### The task
The word "that" occurs in some lines of the data. Return each such line.

Collection entries
(* Let $\mathcal{A}$ be a $\sigma$-algebra on a set $X$ and let $\mathcal{F},\mathcal{G}$ be $\sigma$-algebras on a set $U$. The following are equivalent: (i) $(\mathcal{A}\otimes\mathcal{F})\cap(\mathcal{A}\otimes\mathcal{G})=\mathcal{A}\otimes(\mathcal{F}\cap\mathcal{G})$; (ii) there exist a $\sigma$-algebra $\mathcal{A}_0$ on $X$ and a $\sigma$-algebra $\mathcal{E}$ on $U$ such that $(\mathcal{A}\otimes\mathcal{F})\cap(\mathcal{A}\otimes\mathcal{G})=\mathcal{A}_0\otimes\mathcal{E}$.
   Context: For $\sigma$-algebras $\mathcal{A}$ on $X$ and $\mathcal{F}$ on $U$, $\mathcal{A}\otimes\mathcal{F}$ denotes the product $\sigma$-algebra on $X\times U$, i.e. the smallest $\sigma$-algebra containing all rectangles $A\times F$ with $A\in\mathcal{A}$, $F\in\mathcal{F}$. *)

theory Defs
  imports "HOL-Analysis.Analysis"
begin

definition prod_sigma :: "'a set \<Rightarrow> 'b set \<Rightarrow> 'a set set \<Rightarrow> 'b set set \<Rightarrow> ('a \<times> 'b) set set" where
  "prod_sigma X U A F = sigma_sets (X \<times> U) {a \<times> f | a f. a \<in> A \<and> f \<in> F}"

end

theory Submission
  imports Defs
begin

text \<open>Every sigma-algebra of the form \<open>A\<^sub>0 \<otimes> E\<close> is generated by its rectangles, and the
sections of a nonempty rectangle \<open>a \<times> e\<close> are its sides. So if
\<open>(A \<otimes> F) \<inter> (A \<otimes> G) = A\<^sub>0 \<otimes> E\<close>, each nonempty generating rectangle \<open>a \<times> e\<close> lies in
\<open>A \<otimes> F\<close> and in \<open>A \<otimes> G\<close>, whence \<open>a \<in> A\<close> and \<open>e \<in> F \<inter> G\<close>; thus \<open>A\<^sub>0 \<otimes> E \<subseteq> A \<otimes> (F \<inter> G)\<close>.
The reverse inclusion \<open>A \<otimes> (F \<inter> G) \<subseteq> (A \<otimes> F) \<inter> (A \<otimes> G)\<close> is monotonicity.\<close>

lemma sigma_algebra_Int:
  "sigma_algebra \<Omega> F \<Longrightarrow> sigma_algebra \<Omega> G \<Longrightarrow> sigma_algebra \<Omega> (F \<inter> G)"
  unfolding sigma_algebra_iff2 by (auto simp: subset_eq)

lemma sigma_algebra_prod_sigma:
  "A \<subseteq> Pow X \<Longrightarrow> F \<subseteq> Pow U \<Longrightarrow> sigma_algebra (X \<times> U) (prod_sigma X U A F)"
  unfolding prod_sigma_def by (rule sigma_algebra_sigma_sets) auto

lemma prod_sigma_mono: "F \<subseteq> G \<Longrightarrow> prod_sigma X U A F \<subseteq> prod_sigma X U A G"
  unfolding prod_sigma_def by (rule sigma_sets_mono') blast

lemma prod_sigma_eq_sets_pair_measure:
  assumes "sigma_algebra X A" "sigma_algebra U F"
  shows "prod_sigma X U A F = sets (sigma X A \<Otimes>\<^sub>M sigma U F)"
  using assms
  by (simp add: prod_sigma_def sets_pair_measure sigma_algebra.sigma_sets_eq sigma_algebra_iff2)

lemma prod_sigma_subset:
  assumes "sigma_algebra X A" "sigma_algebra U F" "S \<in> prod_sigma X U A F"
  shows "S \<subseteq> X \<times> U"
  using assms unfolding prod_sigma_def
  by (elim sigma_sets_into_sp[rotated]) (auto simp: sigma_algebra_iff2)

lemma prod_sigma_section_fst:
  assumes "sigma_algebra X A" "sigma_algebra U F" "S \<in> prod_sigma X U A F" "x \<in> X"
  shows "{u. (x, u) \<in> S} \<in> F"
proof -
  have "Pair x \<in> measurable (sigma U F) (sigma X A \<Otimes>\<^sub>M sigma U F)"
    using assms(1,4) by (intro measurable_Pair1') (simp add: sigma_algebra_iff2)
  then have "Pair x -` S \<inter> U \<in> F"
    using assms by (simp add: measurable_def prod_sigma_eq_sets_pair_measure
        sigma_algebra.sets_measure_of_eq space_measure_of_conv)
  moreover have "Pair x -` S \<inter> U = {u. (x, u) \<in> S}"
    using prod_sigma_subset[OF assms(1-3)] by auto
  ultimately show ?thesis by simp
qed

lemma prod_sigma_section_snd:
  assumes "sigma_algebra X A" "sigma_algebra U F" "S \<in> prod_sigma X U A F" "u \<in> U"
  shows "{x. (x, u) \<in> S} \<in> A"
proof -
  have "(\<lambda>x. (x, u)) \<in> measurable (sigma X A) (sigma X A \<Otimes>\<^sub>M sigma U F)"
    using assms(2,4) by (intro measurable_Pair2') (simp add: sigma_algebra_iff2)
  then have "(\<lambda>x. (x, u)) -` S \<inter> X \<in> A"
    using assms by (simp add: measurable_def prod_sigma_eq_sets_pair_measure
        sigma_algebra.sets_measure_of_eq space_measure_of_conv)
  moreover have "(\<lambda>x. (x, u)) -` S \<inter> X = {x. (x, u) \<in> S}"
    using prod_sigma_subset[OF assms(1-3)] by auto
  ultimately show ?thesis by simp
qed

lemma rectangle_in_prod_sigma_iff:
  assumes "sigma_algebra X A" "sigma_algebra U F" "a \<noteq> {}" "e \<noteq> {}"
  shows "a \<times> e \<in> prod_sigma X U A F \<longleftrightarrow> a \<in> A \<and> e \<in> F"
proof
  assume ae: "a \<times> e \<in> prod_sigma X U A F"
  obtain x u where "x \<in> a" "u \<in> e"
    using assms(3,4) by blast
  moreover have "a \<times> e \<subseteq> X \<times> U"
    using prod_sigma_subset[OF assms(1,2) ae] .
  ultimately have "{x'. (x', u) \<in> a \<times> e} \<in> A" "{u'. (x, u') \<in> a \<times> e} \<in> F"
    using prod_sigma_section_snd[OF assms(1,2) ae] prod_sigma_section_fst[OF assms(1,2) ae]
    by blast+
  with \<open>x \<in> a\<close> \<open>u \<in> e\<close> show "a \<in> A \<and> e \<in> F"
    by simp
next
  assume "a \<in> A \<and> e \<in> F"
  then show "a \<times> e \<in> prod_sigma X U A F"
    unfolding prod_sigma_def by (blast intro: sigma_sets.Basic)
qed

lemma prod_sigma_subset_prod_sigma_Int:
  assumes A: "sigma_algebra X A" and F: "sigma_algebra U F" and G: "sigma_algebra U G"
    and A0: "sigma_algebra X A0" and E: "sigma_algebra U E"
    and incl: "prod_sigma X U A0 E \<subseteq> prod_sigma X U A F \<inter> prod_sigma X U A G"
  shows "prod_sigma X U A0 E \<subseteq> prod_sigma X U A (F \<inter> G)"
proof -
  have FG: "sigma_algebra (X \<times> U) (prod_sigma X U A (F \<inter> G))"
    using A F G by (intro sigma_algebra_prod_sigma) (auto simp: sigma_algebra_iff2)
  have "a \<times> e \<in> prod_sigma X U A (F \<inter> G)" if "a \<in> A0" "e \<in> E" for a e
  proof (cases "a = {} \<or> e = {}")
    case True
    then show ?thesis
      using sigma_algebra_iff2[THEN iffD1, OF FG] by auto
  next
    case False
    then have ne: "a \<noteq> {}" "e \<noteq> {}"
      by auto
    have "a \<times> e \<in> prod_sigma X U A0 E"
      using that rectangle_in_prod_sigma_iff[OF A0 E ne] by blast
    then have "a \<times> e \<in> prod_sigma X U A F" "a \<times> e \<in> prod_sigma X U A G"
      using incl by auto
    then show ?thesis
      using rectangle_in_prod_sigma_iff[OF A F ne] rectangle_in_prod_sigma_iff[OF A G ne]
        rectangle_in_prod_sigma_iff[OF A sigma_algebra_Int[OF F G] ne] by blast
  qed
  then show ?thesis
    unfolding prod_sigma_def[of X U A0 E] by (intro sigma_algebra.sigma_sets_subset[OF FG]) blast
qed

theorem lemma2p4:
  fixes X :: "'a set" and U :: "'b set"
    and A :: "'a set set" and F G :: "'b set set"
  assumes "sigma_algebra X A" and "sigma_algebra U F" and "sigma_algebra U G"
  shows "prod_sigma X U A F \<inter> prod_sigma X U A G = prod_sigma X U A (F \<inter> G)
     \<longleftrightarrow> (\<exists>A0 E. sigma_algebra X A0 \<and> sigma_algebra U E \<and>
           prod_sigma X U A F \<inter> prod_sigma X U A G = prod_sigma X U A0 E)"
proof
  assume "prod_sigma X U A F \<inter> prod_sigma X U A G = prod_sigma X U A (F \<inter> G)"
  then show "\<exists>A0 E. sigma_algebra X A0 \<and> sigma_algebra U E \<and>
           prod_sigma X U A F \<inter> prod_sigma X U A G = prod_sigma X U A0 E"
    using assms sigma_algebra_Int by blast
next
  assume "\<exists>A0 E. sigma_algebra X A0 \<and> sigma_algebra U E \<and>
           prod_sigma X U A F \<inter> prod_sigma X U A G = prod_sigma X U A0 E"
  then obtain A0 E where "sigma_algebra X A0" "sigma_algebra U E"
    and eq: "prod_sigma X U A F \<inter> prod_sigma X U A G = prod_sigma X U A0 E"
    by blast
  then have "prod_sigma X U A0 E \<subseteq> prod_sigma X U A (F \<inter> G)"
    using assms by (intro prod_sigma_subset_prod_sigma_Int) auto
  moreover have "prod_sigma X U A (F \<inter> G) \<subseteq> prod_sigma X U A F \<inter> prod_sigma X U A G"
    by (intro Int_greatest prod_sigma_mono) auto
  ultimately show "prod_sigma X U A F \<inter> prod_sigma X U A G = prod_sigma X U A (F \<inter> G)"
    using eq by blast
qed

end
lemma rx_condition_witness:
  fixes Vx A r :: real
  assumes "0 < Vx" and "0 < A" and "A \<le> r\<^sup>2 * (Vx + A)" and "0 \<le> r"
  defines "vv \<equiv> Vx / (Vx + A)"
    and "p \<equiv> sqrt A * sqrt (Vx + A) / sqrt Vx" and "\<delta> \<equiv> - sqrt A / (sqrt (Vx + A) * sqrt Vx)"
  shows "\<delta>\<^sup>2 * Vx + vv = 1" and "\<bar>p\<bar> \<le> r * sqrt (Vx - 2 * p * (\<delta> * Vx) + p\<^sup>2 * (\<delta>\<^sup>2 * Vx))"
proof -
  have pos: "0 < Vx + A" "0 < sqrt Vx" "0 < sqrt (Vx + A)"
    using assms(1,2) by simp_all
  have "\<delta>\<^sup>2 * Vx = A / (Vx + A)"
    using assms(1,2) pos by (simp add: \<delta>_def power_divide power_mult_distrib)
  then show "\<delta>\<^sup>2 * Vx + vv = 1"
    using pos by (simp add: vv_def add_divide_distrib[symmetric])
  have "p * \<delta> = - (sqrt A)\<^sup>2 / (sqrt Vx)\<^sup>2"
    using pos by (simp add: p_def \<delta>_def power2_eq_square)
  then have "p * \<delta> = - (A / Vx)"
    using assms(1,2) by simp
  have "Vx - 2 * p * (\<delta> * Vx) + p\<^sup>2 * (\<delta>\<^sup>2 * Vx) = Vx * (1 - p * \<delta>)\<^sup>2"
    by (simp add: power2_eq_square algebra_simps)
  also have "\<dots> = Vx * ((Vx + A) / Vx)\<^sup>2"
    using \<open>p * \<delta> = - (A / Vx)\<close> assms(1) by (simp add: diff_divide_distrib add_divide_distrib)
  also have "\<dots> = ((Vx + A) / sqrt Vx)\<^sup>2"
    using assms(1) by (simp add: power_divide power2_eq_square)
  finally have "sqrt (Vx - 2 * p * (\<delta> * Vx) + p\<^sup>2 * (\<delta>\<^sup>2 * Vx)) = (Vx + A) / sqrt Vx"
    using pos by simp
  moreover have "sqrt A \<le> r * sqrt (Vx + A)"
    using real_sqrt_le_mono[OF assms(3)] assms(4) by (simp add: real_sqrt_mult)
  then have "sqrt A * sqrt (Vx + A) \<le> r * (Vx + A)"
    using pos mult_right_mono[of "sqrt A" "r * sqrt (Vx + A)" "sqrt (Vx + A)"] by (simp add: mult.assoc)
  then have "\<bar>p\<bar> \<le> r * (Vx + A) / sqrt Vx"
    using assms(2) pos divide_right_mono[of _ _ "sqrt Vx"] by (simp add: p_def abs_mult)
  ultimately show "\<bar>p\<bar> \<le> r * sqrt (Vx - 2 * p * (\<delta> * Vx) + p\<^sup>2 * (\<delta>\<^sup>2 * Vx))"
    by simp
qed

### Output
(* Let $\mathcal{A}$ be a $\sigma$-algebra on a set $X$ and let $\mathcal{F},\mathcal{G}$ be $\sigma$-algebras on a set $U$. The following are equivalent: (i) $(\mathcal{A}\otimes\mathcal{F})\cap(\mathcal{A}\otimes\mathcal{G})=\mathcal{A}\otimes(\mathcal{F}\cap\mathcal{G})$; (ii) there exist a $\sigma$-algebra $\mathcal{A}_0$ on $X$ and a $\sigma$-algebra $\mathcal{E}$ on $U$ such that $(\mathcal{A}\otimes\mathcal{F})\cap(\mathcal{A}\otimes\mathcal{G})=\mathcal{A}_0\otimes\mathcal{E}$.
      using that rectangle_in_prod_sigma_iff[OF A0 E ne] by blast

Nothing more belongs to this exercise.